lemma engulfing_group_of_hom:
  assumes hecke: "hecke_pair G L" and "topological_group E T" and hom: "\<phi> \<in> hom G E"
    and "vule G L E T \<phi>"
  shows "engulfing_group G L E T"
proof -
  interpret E: top_group E T
    by (rule top_group.intro) fact
  have G: "group G" and L: "L \<subseteq> carrier G"
    using hecke by (auto simp: hecke_pair_def subgroup.subset)
  interpret phi: group_hom G E \<phi>
    using G hom by (simp add: group_hom_def group_hom_axioms_def E.is_group)
  show ?thesis
    unfolding engulfing_group_def
  proof (intro exI[of _ \<phi>] exI[of _ "\<lambda>g e. \<phi> g \<otimes>\<^bsub>E\<^esub> e \<otimes>\<^bsub>E\<^esub> inv\<^bsub>E\<^esub> \<phi> g"] conjI ballI)
    show "vule G L E T \<phi>" by fact
  next
    fix g
    assume "g \<in> carrier G"
    then show "top_group_aut E T (\<lambda>e. \<phi> g \<otimes>\<^bsub>E\<^esub> e \<otimes>\<^bsub>E\<^esub> inv\<^bsub>E\<^esub> \<phi> g)"
      by (simp add: E.conj_top_group_aut)
  next
    fix g1 g2 e
    assume "g1 \<in> carrier G" "g2 \<in> carrier G" "e \<in> carrier E"
    then show "\<phi> (g1 \<otimes>\<^bsub>G\<^esub> g2) \<otimes>\<^bsub>E\<^esub> e \<otimes>\<^bsub>E\<^esub> inv\<^bsub>E\<^esub> \<phi> (g1 \<otimes>\<^bsub>G\<^esub> g2)
        = \<phi> g1 \<otimes>\<^bsub>E\<^esub> (\<phi> g2 \<otimes>\<^bsub>E\<^esub> e \<otimes>\<^bsub>E\<^esub> inv\<^bsub>E\<^esub> \<phi> g2) \<otimes>\<^bsub>E\<^esub> inv\<^bsub>E\<^esub> \<phi> g1"
      by (simp add: E.m_assoc E.inv_mult_group)
  next
    fix h e
    show "\<phi> h \<otimes>\<^bsub>E\<^esub> e \<otimes>\<^bsub>E\<^esub> inv\<^bsub>E\<^esub> \<phi> h = \<phi> h \<otimes>\<^bsub>E\<^esub> e \<otimes>\<^bsub>E\<^esub> inv\<^bsub>E\<^esub> \<phi> h" ..
  next
    fix g
    assume g: "g \<in> carrier G"
    then have "finite_index_in G (L \<inter> conj_set G (inv\<^bsub>G\<^esub> g) L) L"
      using hecke by (simp add: hecke_pair_def)
    moreover have "g \<otimes>\<^bsub>G\<^esub> h \<otimes>\<^bsub>G\<^esub> inv\<^bsub>G\<^esub> g \<in> L \<and>
        \<phi> g \<otimes>\<^bsub>E\<^esub> \<phi> h \<otimes>\<^bsub>E\<^esub> inv\<^bsub>E\<^esub> \<phi> g = \<phi> (g \<otimes>\<^bsub>G\<^esub> h \<otimes>\<^bsub>G\<^esub> inv\<^bsub>G\<^esub> g)"
      if "h \<in> L \<inter> conj_set G (inv\<^bsub>G\<^esub> g) L" for h
      using that g L group.conj_set_inv_conj_mem[OF G g L] by auto
    ultimately show "\<exists>L'. finite_index_in G L' L \<and>
        (\<forall>h\<in>L'. g \<otimes>\<^bsub>G\<^esub> h \<otimes>\<^bsub>G\<^esub> inv\<^bsub>G\<^esub> g \<in> L \<and>
          \<phi> g \<otimes>\<^bsub>E\<^esub> \<phi> h \<otimes>\<^bsub>E\<^esub> inv\<^bsub>E\<^esub> \<phi> g = \<phi> (g \<otimes>\<^bsub>G\<^esub> h \<otimes>\<^bsub>G\<^esub> inv\<^bsub>G\<^esub> g))"
      by blast
  qed
qed

lemma uniformly_commensurated_of_hom:
  assumes "group G" and "subgroup L G" and "locally_compact_group E T" and "\<phi> \<in> hom G E"
    and vule: "vule G L E T \<phi>"
  shows "uniformly_commensurated G L"
proof -
  have "topological_group E T" and lc: "locally_compact_space T"
    using assms(3) by (simp_all add: locally_compact_group_def)
  then interpret E: top_group E T
    by (intro top_group.intro)
  have "cocompact_subgroup E T (\<phi> ` L)"
    using vule by (simp add: vule_def)
  then obtain K where K: "compactin T K" "\<And>k. k \<in> K \<Longrightarrow> inv\<^bsub>E\<^esub> k \<in> K"
    and cover: "\<And>e. e \<in> carrier E \<Longrightarrow> \<exists>h\<in>\<phi> ` L. \<exists>k\<in>K. h = e \<otimes>\<^bsub>E\<^esub> k"
    using E.cocompact_subgroup_symmetric_compact_cover[OF lc] by blast
  have cover_L: "\<exists>h\<in>L. \<exists>k\<in>K. \<phi> h = e \<otimes>\<^bsub>E\<^esub> k" if "e \<in> carrier E" for e
    using cover[OF that] by blast
  show ?thesis
    unfolding uniformly_commensurated_def
  proof (intro allI impI)
    fix S
    assume "finite S \<and> S \<subseteq> L \<and> generate G S = L"
    then interpret uniform_lattice_hom E T G L \<phi> K S
      using assms(1,2,4) K cover_L vule
      by (intro uniform_lattice_hom.intro E.top_group_axioms uniform_lattice_hom_axioms.intro)
        (simp_all add: vule_def)
    show "\<exists>K A. \<forall>g\<in>carrier G. \<exists>f. quasi_isometry (word_dist G S) L K A f \<and>
        (\<exists>C. \<forall>h\<in>L \<inter> conj_set G (inv\<^bsub>G\<^esub> g) L.
               word_dist G S (f h) (g \<otimes>\<^bsub>G\<^esub> h \<otimes>\<^bsub>G\<^esub> inv\<^bsub>G\<^esub> g) \<le> C)"
    proof (rule exI, rule exI, rule ballI)
      fix g
      assume g: "g \<in> carrier G"
      then have "\<phi> g \<in> carrier E"
        by simp
      then show "\<exists>f. quasi_isometry (word_dist G S) L (real step_bound + 1)
            (real step_bound + 1) f \<and>
          (\<exists>C. \<forall>h\<in>L \<inter> conj_set G (inv\<^bsub>G\<^esub> g) L.
               word_dist G S (f h) (g \<otimes>\<^bsub>G\<^esub> h \<otimes>\<^bsub>G\<^esub> inv\<^bsub>G\<^esub> g) \<le> C)"
        using quasi_isometry_lattice_translate lattice_translate_close_to_conj[OF g] by blast
    qed
  qed
qed

theorem lemma3p8:
  fixes G :: "('a, 'm) monoid_scheme" and L :: "'a set"
    and E :: "('b, 'n) monoid_scheme" and T :: "'b topology" and \<phi> :: "'a \<Rightarrow> 'b"
  assumes "hecke_pair G L"
    and "finitely_generated_subgroup G L"
    and "locally_compact_group E T"
    and "\<phi> \<in> hom G E"
    and "vule G L E T \<phi>"
  shows "engulfing_group G L E T \<and> uniformly_commensurated G L"
proof
  show "engulfing_group G L E T"
    using assms(1,3-5) by (intro engulfing_group_of_hom) (auto simp: locally_compact_group_def)
  show "uniformly_commensurated G L"
    using assms(1,3-5) by (intro uniformly_commensurated_of_hom) (auto simp: hecke_pair_def)
qed

end
lemma cnorm_mult: "cnorm (p * q) \<le> cnorm p * cnorm q"
proof -
  have "cnorm (p * q) \<le> (norm (cre p) * norm (cre q) + norm (cim p) * norm (cim q))
     + (norm (cre p) * norm (cim q) + norm (cim p) * norm (cre q))"
    unfolding cnorm_def complexification_simps
    by (intro add_mono order.trans[OF norm_triangle_ineq4] order.trans[OF norm_triangle_ineq])
       (auto simp: norm_mult)
  also have "\<dots> = cnorm p * cnorm q"
    by (simp add: cnorm_def algebra_simps)
  finally show ?thesis .
qed

lemma cnorm_power: "cnorm (p ^ k) \<le> cnorm p ^ k"
proof (induction k)
  case (Suc k)
  have "cnorm (p ^ Suc k) \<le> cnorm p * cnorm (p ^ k)"
    using cnorm_mult[of p "p ^ k"] by simp
  also have "\<dots> \<le> cnorm p * cnorm p ^ k"
    using Suc by (intro mult_left_mono) (auto simp: cnorm_nonneg)
  finally show ?case by simp
qed (simp add: cnorm_def)

lemma norm_cre_le_cnorm: "norm (cre p) \<le> cnorm p"
  using norm_ge_zero[of "cim p"] by (simp add: cnorm_def)

lemma cnorm_power_mult_le:
  assumes "cnorm p \<le> B" "cnorm q \<le> C"
  shows "cnorm (p ^ N * q ^ N) \<le> (B * C) ^ N"
proof -
  have "0 \<le> B"
    using assms(1) cnorm_nonneg order.trans by blast
  have "cnorm (p ^ N * q ^ N) \<le> cnorm p ^ N * cnorm q ^ N"
    by (meson cnorm_mult cnorm_power cnorm_nonneg mult_mono order.trans zero_le_power)
  also have "\<dots> \<le> B ^ N * C ^ N"
    using assms \<open>0 \<le> B\<close> by (intro mult_mono power_mono) (auto simp: cnorm_nonneg)
  finally show ?thesis
    by (simp add: power_mult_distrib)
qed

lemma cnorm_cplx_of_complex: "cnorm (cplx_of_complex w) \<le> 2 * cmod w"
  using abs_Re_le_cmod[of w] abs_Im_le_cmod[of w] by (simp add: cnorm_def cplx_of_complex_def)

definition complex_hom :: "(complex \<Rightarrow> 'r::comm_ring_1) \<Rightarrow> bool" where
  "complex_hom h \<longleftrightarrow> (\<forall>a b. h (a * b) = h a * h b) \<and> (\<forall>a. h (- a) = - h a) \<and> h 1 = 1"

lemma complex_hom_power: "complex_hom h \<Longrightarrow> h (c ^ k) = h c ^ k"
  by (induction k) (auto simp: complex_hom_def)

lemma complex_hom_cplx_of_complex: "complex_hom cplx_of_complex"
  unfolding complex_hom_def cplx_of_complex_def by (auto simp: complexification.expand algebra_simps)

lemma complex_hom_cplx_of_complex_cnj: "complex_hom (\<lambda>z. cplx_of_complex (cnj z))"
  unfolding complex_hom_def cplx_of_complex_def by (auto simp: complexification.expand algebra_simps)
lemma coordinate_update_eq_axis:
  "(\<chi> j. if j = i then t else x $ j) = x + (t - x $ i) *\<^sub>R axis i 1"
  by (simp add: vec_eq_iff axis_def)

definition gH_quotient :: "(real \<Rightarrow> ivl) \<Rightarrow> real \<Rightarrow> real \<Rightarrow> ivl" where
  "gH_quotient G t s = ivl_scale (1 / s) (ivl_gHsub (G (t + s)) (G t))"

lemma gH_has_deriv_iff_tendsto: "gH_has_deriv G t L \<longleftrightarrow> (gH_quotient G t \<longlongrightarrow> L) (at 0)"
proof -
  have "gH_has_deriv G t L \<longleftrightarrow> ((\<lambda>s. ivl_norm (gH_quotient G t s - L)) \<longlongrightarrow> 0) (at 0)"
    by (simp add: gH_has_deriv_def LIM_eq gH_quotient_def ivl_norm_gHsub)
  then show ?thesis
    by (simp add: tendsto_iff_ivl_norm)
qed

lemma gH_has_deriv_unique: "gH_has_deriv G t L \<Longrightarrow> gH_has_deriv G t L' \<Longrightarrow> L = L'"
  unfolding gH_has_deriv_iff_tendsto by (rule tendsto_unique[OF at_neq_bot])

lemma gH_quotient_subgradient_bounds:
  assumes "ivl_ok g" and sub: "ivl_scale s g \<le> ivl_gHsub (G (t + s)) (G t)"
  shows "0 < s \<Longrightarrow> g \<le> gH_quotient G t s"
    and "s < 0 \<Longrightarrow> gH_quotient G t s \<le> g"
proof -
  have scale_back: "ivl_scale (1 / s) (ivl_scale s g) = g" if "s \<noteq> 0"
    using that \<open>ivl_ok g\<close> by (simp add: ivl_scale_scale ivl_scale_one)
  show "g \<le> gH_quotient G t s" if "0 < s"
    using ivl_scale_mono[OF sub, of "1 / s"] that by (simp add: gH_quotient_def scale_back)
  show "gH_quotient G t s \<le> g" if "s < 0"
    using ivl_scale_antimono[OF sub, of "1 / s"] that by (simp add: gH_quotient_def scale_back)
qed

lemma gH_has_deriv_subgradient_eq:
  assumes deriv: "gH_has_deriv G t L" and "ivl_ok g"
    and sub: "\<forall>\<^sub>F s in at 0. ivl_scale s g \<le> ivl_gHsub (G (t + s)) (G t)"
  shows "g = L"
proof -
  have "\<forall>\<^sub>F s in at_right (0::real). 0 < s" "\<forall>\<^sub>F s in at_left (0::real). s < 0"
    by (simp_all add: eventually_at_filter)
  moreover have "\<forall>\<^sub>F s in at_right 0. ivl_scale s g \<le> ivl_gHsub (G (t + s)) (G t)"
    and "\<forall>\<^sub>F s in at_left 0. ivl_scale s g \<le> ivl_gHsub (G (t + s)) (G t)"
    using sub by (simp_all add: eventually_at_split)
  ultimately have above: "\<forall>\<^sub>F s in at_right 0. gH_quotient G t s \<in> {g..}"
    and below: "\<forall>\<^sub>F s in at_left 0. gH_quotient G t s \<in> {..g}"
    using gH_quotient_subgradient_bounds[OF \<open>ivl_ok g\<close>] by (auto elim: eventually_elim2)
  have right: "(gH_quotient G t \<longlongrightarrow> L) (at_right 0)"
    and left: "(gH_quotient G t \<longlongrightarrow> L) (at_left 0)"
    using deriv by (simp_all add: gH_has_deriv_iff_tendsto filterlim_at_split)
  have "L \<in> {g..}"
    using Lim_in_closed_set[OF closed_eucl_atLeast above trivial_limit_at_right_real right] .
  moreover have "L \<in> {..g}"
    using Lim_in_closed_set[OF closed_eucl_atMost below trivial_limit_at_left_real left] .
  ultimately show ?thesis
    by simp
qed

lemma convex_ivf_gHsub_le:
  assumes "convex_ivf X F" "\<forall>x\<in>X. ivl_ok (F x)" "x \<in> X" "y \<in> X" "0 \<le> t" "t \<le> 1"
  shows "ivl_gHsub (F (y + t *\<^sub>R (x - y))) (F y) \<le> t *\<^sub>R ivl_gHsub (F x) (F y)"
proof -
  have "y + t *\<^sub>R (x - y) = t *\<^sub>R x + (1 - t) *\<^sub>R y"
    by (simp add: algebra_simps)
  then have "F (y + t *\<^sub>R (x - y)) \<le> t *\<^sub>R F x + (1 - t) *\<^sub>R F y"
    using assms by (simp add: convex_ivf_def ivl_le_iff_less_eq ivl_scale_nonneg)
  then have "fst (F (y + t *\<^sub>R (x - y))) - fst (F y) \<le> t * (fst (F x) - fst (F y))"
    and "snd (F (y + t *\<^sub>R (x - y))) - snd (F y) \<le> t * (snd (F x) - snd (F y))"
    by (auto simp: less_eq_prod_def algebra_simps)
  with \<open>0 \<le> t\<close> show ?thesis
    by (simp add: ivl_gHsub_def less_eq_prod_def min_mult_distrib_left max_mult_distrib_left
      min_le_iff_disj le_max_iff_disj) linarith
qed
==============================
Establish how many lines of the entries hold the word "longlongrightarrow", giving nothing but the number.

> [COMPLETED TASK]: 4